lemma log_increment_add:
  assumes "a \<le> b" "b \<le> c" "continuous_on {a..c} f" "\<And>t. t \<in> {a..c} \<Longrightarrow> f t \<noteq> 0"
  shows "log_increment f a c = log_increment f a b + log_increment f b c"
proof -
  obtain L where L: "continuous_on {a..c} L" "\<And>t. t \<in> {a..c} \<Longrightarrow> f t = exp (L t)"
    using continuous_logarithm_on_interval[OF assms(3,4)] by blast
  have "log_increment f a c = L c - L a"
    by (rule log_increment_eq[OF _ L]) (use assms(1,2) in simp)
  moreover have "log_increment f a b = L b - L a"
    by (rule log_increment_eq[OF assms(1) continuous_on_subset[OF L(1)]]) (use assms(2) L(2) in auto)
  moreover have "log_increment f b c = L c - L b"
    by (rule log_increment_eq[OF assms(2) continuous_on_subset[OF L(1)]]) (use assms(1) L(2) in auto)
  ultimately show ?thesis
    by simp
qed

lemma log_increment_const:
  assumes "a \<le> b" "z \<noteq> 0" "\<And>t. t \<in> {a..b} \<Longrightarrow> f t = z"
  shows "log_increment f a b = 0"
  using log_increment_eq[of a b "\<lambda>_. Ln z" f] assms by simp

lemma log_increment_scaled_shift:
  assumes "a \<le> b" "k \<noteq> 0" "continuous_on {a+h..b+h} g" "\<And>t. t \<in> {a+h..b+h} \<Longrightarrow> g t \<noteq> 0"
    and "\<And>t. t \<in> {a..b} \<Longrightarrow> f t = k * g (t + h)"
  shows "log_increment f a b = log_increment g (a + h) (b + h)"
proof -
  obtain L where L: "continuous_on {a+h..b+h} L" "\<And>t. t \<in> {a+h..b+h} \<Longrightarrow> g t = exp (L t)"
    using continuous_logarithm_on_interval[OF assms(3,4)] by blast
  have "log_increment f a b = L (b + h) + Ln k - (L (a + h) + Ln k)"
  proof (rule log_increment_eq[OF assms(1)])
    show "continuous_on {a..b} (\<lambda>t. L (t + h) + Ln k)"
      by (intro continuous_intros continuous_on_compose2[OF L(1)]) auto
    show "f t = exp (L (t + h) + Ln k)" if "t \<in> {a..b}" for t
      using assms(2) assms(5)[OF that] L(2)[of "t + h"] that by (simp add: exp_add)
  qed
  moreover have "log_increment g (a + h) (b + h) = L (b + h) - L (a + h)"
    by (rule log_increment_eq[OF _ L]) (use assms(1) in simp)
  ultimately show ?thesis
    by simp
qed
════════
■ EXERCISE AIM ■
Could you reproduce every record exactly as shown above?

■ EXERCISE RESPONSE ■
lemma log_increment_add:
  assumes "a \<le> b" "b \<le> c" "continuous_on {a..c} f" "\<And>t. t \<in> {a..c} \<Longrightarrow> f t \<noteq> 0"
  shows "log_increment f a c = log_increment f a b + log_increment f b c"
proof -
  obtain L where L: "continuous_on {a..c} L" "\<And>t. t \<in> {a..c} \<Longrightarrow> f t = exp (L t)"
    using continuous_logarithm_on_interval[OF assms(3,4)] by blast
  have "log_increment f a c = L c - L a"
    by (rule log_increment_eq[OF _ L]) (use assms(1,2) in simp)
  moreover have "log_increment f a b = L b - L a"
    by (rule log_increment_eq[OF assms(1) continuous_on_subset[OF L(1)]]) (use assms(2) L(2) in auto)
  moreover have "log_increment f b c = L c - L b"
    by (rule log_increment_eq[OF assms(2) continuous_on_subset[OF L(1)]]) (use assms(1) L(2) in auto)
  ultimately show ?thesis
    by simp
qed

lemma log_increment_const:
  assumes "a \<le> b" "z \<noteq> 0" "\<And>t. t \<in> {a..b} \<Longrightarrow> f t = z"
  shows "log_increment f a b = 0"
  using log_increment_eq[of a b "\<lambda>_. Ln z" f] assms by simp

lemma log_increment_scaled_shift:
  assumes "a \<le> b" "k \<noteq> 0" "continuous_on {a+h..b+h} g" "\<And>t. t \<in> {a+h..b+h} \<Longrightarrow> g t \<noteq> 0"
    and "\<And>t. t \<in> {a..b} \<Longrightarrow> f t = k * g (t + h)"
  shows "log_increment f a b = log_increment g (a + h) (b + h)"
proof -
  obtain L where L: "continuous_on {a+h..b+h} L" "\<And>t. t \<in> {a+h..b+h} \<Longrightarrow> g t = exp (L t)"
    using continuous_logarithm_on_interval[OF assms(3,4)] by blast
  have "log_increment f a b = L (b + h) + Ln k - (L (a + h) + Ln k)"
  proof (rule log_increment_eq[OF assms(1)])
    show "continuous_on {a..b} (\<lambda>t. L (t + h) + Ln k)"
      by (intro continuous_intros continuous_on_compose2[OF L(1)]) auto
    show "f t = exp (L (t + h) + Ln k)" if "t \<in> {a..b}" for t
      using assms(2) assms(5)[OF that] L(2)[of "t + h"] that by (simp add: exp_add)
  qed
  moreover have "log_increment g (a + h) (b + h) = L (b + h) - L (a + h)"
    by (rule log_increment_eq[OF _ L]) (use assms(1) in simp)
  ultimately show ?thesis
    by simp
qed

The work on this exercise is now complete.